Zimbabwe – Day 3 & 4

After a restful night’s sleep and a long lay-in we head off in search of breakfast in 32 degrees.  It’s Saturday and feels really quiet strange as there’s no hockey kit to ready in preparation for a match, no fantasy football league to argue over and no Match of the Day to record. There’s also no attendance at birthday parties to celebrate the milestones of Ellen & Jo at 30 & 60 respectively!!

We take a wander around town to locate our Nomad truck meeting point for 2 days time. Its not busy and local traders are eager to engage us in conversation in the hope of making a sale of everything from wooden bowls, a set of carved “big 5” animals to an 8 foot giraffe beautifully welded from recycled metal!! We gently advise that we’re not in the market currently. Personally, I quite fancied this rhino but sadly he’s not for sale.

We return to the rest camp and retreat from the very hot sun. I catch-up by writing a chapter of my blog and a read of my book whilst Brownie concentrates on learning Spanish – trips to Spanish speaking destinations in 2023 are in the pipeline so we’ll be reliant on her resulting studies.
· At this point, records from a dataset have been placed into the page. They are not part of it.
(* Let $\alpha_1,\dots,\alpha_n\in\mathcal R^n$ and consider the smooth representation $\bigoplus_{i=1}^n\chi^{\alpha_i}$ of $(\mathbb C^* )^n$ on $\mathbb C^n$. (1) It is faithful if and only if the $n\times n$ matrix with entries in $\mathcal R$ whose $(i,k)$-entry is $\alpha_i^k$ has an inverse with entries in $\mathcal R$. (2) If it is faithful, then the representation space has only finitely many orbits and has an open dense orbit; the open dense orbit is unique and isomorphic to $(\mathbb C^* )^n$, and every other orbit has real codimension at least two.
   Context: $\mathcal R$ is the ring of real $2\times2$ matrices $\begin{bmatrix} b&0\\ c&v\end{bmatrix}$ with $b,c\in\mathbb R$, $v\in\mathbb Z$, identified with $\mathbb C\times\mathbb Z$ via $(b+\sqrt{-1}c,v)$. For $g\in\mathbb C^*$ and $\mu=(b+\sqrt{-1}c,v)$, $g^\mu:=|g|^{b+\sqrt{-1}c}(g/|g|)^v$. For $\alpha=(\alpha^1,\dots,\alpha^n)\in\mathcal R^n$, $\chi^\alpha(g_1,\dots,g_n)=\prod_k g_k^{\alpha^k}$. The representation $\bigoplus_i\chi^{\alpha_i}$ acts on $\mathbb C^n$ by $g\cdot(z_1,\dots,z_n)=(\chi^{\alpha_1}(g)z_1,\dots,\chi^{\alpha_n}(g)z_n)$. Matrices over $\mathcal R$ are multiplied as usual (equivalently as real $2n\times 2n$ matrices). *)

theory Defs
  imports "HOL-Analysis.Analysis"
begin

text \<open>Elements of the ring R are represented as pairs (b + i c, v) :: complex * int,
  standing for the real matrix [[b,0],[c,v]].\<close>

type_synonym Relt = "complex \<times> int"

text \<open>Multiplication in R, i.e. the matrix product
  [[b,0],[c,v]] [[b',0],[c',v']] = [[b b', 0],[c b' + v c', v v']].\<close>
definition rmul :: "Relt \<Rightarrow> Relt \<Rightarrow> Relt" where
  "rmul x y = (Complex (Re (fst x) * Re (fst y))
                       (Im (fst x) * Re (fst y) + of_int (snd x) * Im (fst y)),
               snd x * snd y)"

definition rmatmul :: "('n::finite \<Rightarrow> 'n \<Rightarrow> Relt) \<Rightarrow> ('n \<Rightarrow> 'n \<Rightarrow> Relt) \<Rightarrow> ('n \<Rightarrow> 'n \<Rightarrow> Relt)" where
  "rmatmul A B = (\<lambda>i k. ((\<Sum>j\<in>UNIV. fst (rmul (A i j) (B j k))),
                          (\<Sum>j\<in>UNIV. snd (rmul (A i j) (B j k)))))"

definition rmat_id :: "'n::finite \<Rightarrow> 'n \<Rightarrow> Relt" where
  "rmat_id = (\<lambda>i k. if i = k then (1, 1) else (0, 0))"

definition rmat_invertible :: "('n::finite \<Rightarrow> 'n \<Rightarrow> Relt) \<Rightarrow> bool" where
  "rmat_invertible A \<longleftrightarrow> (\<exists>B. rmatmul A B = rmat_id \<and> rmatmul B A = rmat_id)"

definition rpow :: "complex \<Rightarrow> Relt \<Rightarrow> complex" where
  "rpow g mu = exp (fst mu * of_real (ln (cmod g))) * (g / of_real (cmod g)) powi (snd mu)"

definition torus :: "(complex ^ 'n) set" where
  "torus = {g. \<forall>k. g $ k \<noteq> 0}"

definition chi :: "('n::finite \<Rightarrow> Relt) \<Rightarrow> complex ^ 'n \<Rightarrow> complex" where
  "chi a g = (\<Prod>k\<in>UNIV. rpow (g $ k) (a k))"

text \<open>The representation (direct sum of the chi^{alpha_i}); \<open>al i k\<close> is alpha_i^k.\<close>
definition act :: "('n::finite \<Rightarrow> 'n \<Rightarrow> Relt) \<Rightarrow> complex ^ 'n \<Rightarrow> complex ^ 'n \<Rightarrow> complex ^ 'n" where
  "act al g z = (\<chi> i. chi (al i) g * z $ i)"

definition faithful :: "('n::finite \<Rightarrow> 'n \<Rightarrow> Relt) \<Rightarrow> bool" where
  "faithful al \<longleftrightarrow> (\<forall>g\<in>torus. (\<forall>z. act al g z = z) \<longrightarrow> g = 1)"

definition orbit :: "('n::finite \<Rightarrow> 'n \<Rightarrow> Relt) \<Rightarrow> complex ^ 'n \<Rightarrow> (complex ^ 'n) set" where
  "orbit al z = (\<lambda>g. act al g z) ` torus"

definition orbits :: "('n::finite \<Rightarrow> 'n \<Rightarrow> Relt) \<Rightarrow> (complex ^ 'n) set set" where
  "orbits al = range (orbit al)"

end

theory Submission imports Defs begin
We head for the Lookout Cafe for a sundowner and early dinner. It overlooks a horseshoe bend in the Zambezi River and the bridge crossing in the distance being the border between Zimbabwe on the left and Zambia on the right.  It’s the night before full-moon and the Zambezi glistens as it glides by.  En-route to our watering hole very excitedly we book a helicopter flight over the falls for tomorrow afternoon.

The following day after large quantities of  wise water the night before, we have a very late lunch and a lounge by the pool. Our helicopter pick-up is at 4pm and the helipad is just a 5 mins drive from the rest camp. After a weigh-in and safety briefing we join our Flight of Angels with 2 other passengers. Everyone gets a window seat and I get the golden ticket up front next to the pilot.

The flight is just 12 mins but affords us with a fantastic opportunity to view the falls from above and appreciate just how vast they really are. It’s summer here currently and the resulting reduction in the water flow allows us to view the whole of the canyon as the water flows down which at other times of the year would be completely obscured by towering plumes of mist as vast quantities of water cascade over the falls. We see elephants crossing the river as we return to the helipad. It’s our first game sighting of the trip other than our resident pesky monkeys who when they’re not terrorising me in the washblocks are desperate to get through the windows into our hut!!

I mentioned previously that it was nearly full moon and tonight it is and we return to the Falls at around 7 to take a tour with the park guides to witness a lunar bow. Lunar rainbows are viewed when the moon is near to full (when it is at its brightest). A Lunar rainbow is a rainbow produced by light reflected off the surface of the moon refracting off of in this case the spray generated by the waterfall into the air.  Luna rainbows are relatively faint, due to the smaller amount of light reflected from the surface of the moon. Because the light is usually too faint to excite the cone color receptors in human eyes, it is difficult for the human eye to discern colors in a moonbow. As a result, they often appear to be white.

We spend around an hour marvelling at the truly awesome spectacle and feel very blessed to have been able to witness our first Lunar Bow. We head back to camp to pack after a truly memorable day. We are leaving camp at 6.30am to join our Nomad truck.